(Bloomberg) -- Russian incomes in the second quarter plunged by the most since the country’s 1998 default as the economy of the world’s biggest energy exporter took a double blow from the pandemic and slump in global oil demand.
Real disposable incomes fell 8% between April and June compared with a year ago, the Federal Statistics Service reported Friday. Data for the first quarter, which earlier showed a drop, were revised up to a 1.2% increase.
“This situation with incomes is pointing to a lot of problems,” said Evgeny Nadorshin, chief economist at PF Capital in Moscow. “If incomes don’t recover, the economy may also fail to bounce back.”

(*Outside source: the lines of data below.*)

lemma shuffles_assoc:
  "w \<in> shuffles v u \<Longrightarrow> u \<in> shuffles u' i \<Longrightarrow> \<exists>w'. w' \<in> shuffles v u' \<and> w \<in> shuffles w' i"
proof (induction w arbitrary: v u u' i)
  case (Cons c w)
  from Cons.prems(1) show ?case
  proof (cases rule: Cons_in_shufflesE)
    case (1 v')
    with Cons.IH[OF 1(2) Cons.prems(2)] show ?thesis
      by (metis Cons_in_shuffles_leftI)
  next
    case (2 u1)
    from Cons.prems(2)[unfolded \<open>u = c # u1\<close>] show ?thesis
    proof (cases rule: Cons_in_shufflesE)
      case (1 u'')
      with Cons.IH[OF \<open>w \<in> shuffles v u1\<close> 1(2)] show ?thesis
        by (metis Cons_in_shuffles_leftI Cons_in_shuffles_rightI)
    next
      case (2 i')
      with Cons.IH[OF \<open>w \<in> shuffles v u1\<close> 2(2)] show ?thesis
        by (metis Cons_in_shuffles_rightI)
    qed
  qed
qed simp

lemma concat_zip_in_shuffles:
  "length us = length vs \<Longrightarrow>
   concat (map (\<lambda>(x, y). x @ y) (zip us vs)) \<in> shuffles (concat us) (concat vs)"
proof (induction us vs rule: list_induct2)
  case (Cons x xs y ys)
  from shuffles_append[OF append_in_shuffles[of x y] Cons.IH] show ?case by simp
qed simp

lemma shuffles_imp_concat_zip:
  "w \<in> shuffles v u \<Longrightarrow> \<exists>us vs. length us = length vs \<and> length us \<ge> 1 \<and>
     concat us = v \<and> concat vs = u \<and> w = concat (map (\<lambda>(x, y). x @ y) (zip us vs))"
proof (induction w arbitrary: v u)
  case Nil
  then show ?case by (intro exI[of _ "[[]]"]) auto
next
  case (Cons c w)
  from Cons.prems show ?case
  proof (cases rule: Cons_in_shufflesE)
    case (1 v')
    with Cons.IH[of v' u] obtain us vs where "length us = length vs" "concat us = v'"
      "concat vs = u" "w = concat (map (\<lambda>(x, y). x @ y) (zip us vs))" by blast
    with 1 show ?thesis by (intro exI[of _ "[c] # us"] exI[of _ "[] # vs"]) auto
  next
    case (2 u')
    with Cons.IH[of v u'] obtain us vs where "length us = length vs" "concat us = v"
      "concat vs = u'" "w = concat (map (\<lambda>(x, y). x @ y) (zip us vs))" by blast
    with 2 show ?thesis by (intro exI[of _ "[] # us"] exI[of _ "[c] # vs"]) auto
  qed
qed

lemma shuffle_eq_shuffles: "shuffle v u = shuffles v u"
  unfolding shuffle_def using concat_zip_in_shuffles shuffles_imp_concat_zip by blast

section \<open>Derivations\<close>

lemma step_iff_shuffles: "step I v w \<longleftrightarrow> (\<exists>u\<in>I. w \<in> shuffles v u)"
  unfolding step_def shuffle_eq_shuffles ..

lemma derives_refl [simp]: "derives I v v"
  unfolding derives_def by simp

lemma derives_trans: "derives I u v \<Longrightarrow> derives I v w \<Longrightarrow> derives I u w"
  unfolding derives_def by (rule rtranclp_trans)

lemma derives_Nil_if_mem: "u \<in> I \<Longrightarrow> derives I [] u"
  unfolding derives_def by (rule r_into_rtranclp) (auto simp: step_iff_shuffles)

lemma step_in_context:
  assumes "step I v w"
  shows "step I (p @ v @ s) (p @ w @ s)"
proof -
  from assms obtain u where "u \<in> I" "w \<in> shuffles v u" unfolding step_iff_shuffles by blast
  moreover have "p @ w @ s \<in> shuffles (p @ v @ s) ([] @ u @ [])"
    using append_in_shuffles[of p "[]"] append_in_shuffles[of s "[]"]
    by (intro shuffles_append[OF _ shuffles_append] \<open>w \<in> shuffles v u\<close>) simp_all
  ultimately show ?thesis unfolding step_iff_shuffles by auto
qed

lemma derives_in_context: "derives I v w \<Longrightarrow> derives I (p @ v @ s) (p @ w @ s)"
  unfolding derives_def
  by (induction rule: rtranclp_induct) (auto intro: rtranclp.rtrancl_into_rtrancl step_in_context)

lemma derives_append: "derives I v v' \<Longrightarrow> derives I w w' \<Longrightarrow> derives I (v @ w) (v' @ w')"
  using derives_in_context[of I v v' "[]" w] derives_in_context[of I w w' v' "[]"]
  by (auto intro: derives_trans)
definition is_subspace :: "nat \<Rightarrow> complex vec set \<Rightarrow> bool" where
  "is_subspace d W \<longleftrightarrow> W \<subseteq> carrier_vec d \<and> 0\<^sub>v d \<in> W \<and>
     (\<forall>v\<in>W. \<forall>w\<in>W. v + w \<in> W) \<and> (\<forall>c. \<forall>v\<in>W. c \<cdot>\<^sub>v v \<in> W)"

definition is_irred_rep :: "('a, 'b) monoid_scheme \<Rightarrow> nat \<Rightarrow> ('a \<Rightarrow> complex mat) \<Rightarrow> bool" where
  "is_irred_rep G d \<rho> \<longleftrightarrow> is_rep G d \<rho> \<and> d > 0 \<and>
     (\<forall>W. is_subspace d W \<and> (\<forall>g\<in>carrier G. \<forall>w\<in>W. \<rho> g *\<^sub>v w \<in> W)
          \<longrightarrow> W = {0\<^sub>v d} \<or> W = carrier_vec d)"

definition mat_trace :: "complex mat \<Rightarrow> complex" where
  "mat_trace A = (\<Sum>i<dim_row A. A $$ (i,i))"

text \<open>Character of a representation (set to 0 outside the carrier, for uniqueness).\<close>
definition character :: "('a, 'b) monoid_scheme \<Rightarrow> ('a \<Rightarrow> complex mat) \<Rightarrow> 'a \<Rightarrow> complex" where
  "character G \<rho> = (\<lambda>g. if g \<in> carrier G then mat_trace (\<rho> g) else 0)"

definition irr_chars :: "('a, 'b) monoid_scheme \<Rightarrow> ('a \<Rightarrow> complex) set" where
  "irr_chars G = {\<chi>. \<exists>d \<rho>. is_irred_rep G d \<rho> \<and> \<chi> = character G \<rho>}"

definition L1_norm :: "('a, 'b) monoid_scheme \<Rightarrow> ('a \<Rightarrow> complex) \<Rightarrow> real" where
  "L1_norm G f = (\<Sum>g\<in>carrier G. \<bar>Re (f g)\<bar>)"

definition chdeg :: "('a, 'b) monoid_scheme \<Rightarrow> ('a \<Rightarrow> complex) \<Rightarrow> real" where
  "chdeg G \<psi> = Re (\<psi> \<one>\<^bsub>G\<^esub>)"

The slump, which follows years of falling or stagnating living standards, is one of the biggest challenges faced by President Vladimir Putin as he paves the way to extending his two-decade rule. The coronavirus upended a plan to boost spending on social projects this year, with completion of the so-called National Projects likely pushed back until 2030.
The plunge hammered retail sales, which fell 7.7% in June after a 19% drop in April. Wages rebounded in May after a drop in April, climbing 1%. Unemployment edged up to 6.2% in June from 6.1% in May.
What Our Economists Say:
“The worst is over, but the rebound in demand faces a low ceiling until the virus is under control. Even then, persistent weakness in incomes is likely to weigh on consumption.”
--Scott Johnson, Bloomberg Economics
Industrial production contracted for a third month in June even as lockdown measures were being lifted in many regions, falling 9.4% from a year before, after a 9.6% drop in May, the statistics agency reported Thursday. The economy overall may shrink 6% this year, according to the World Bank.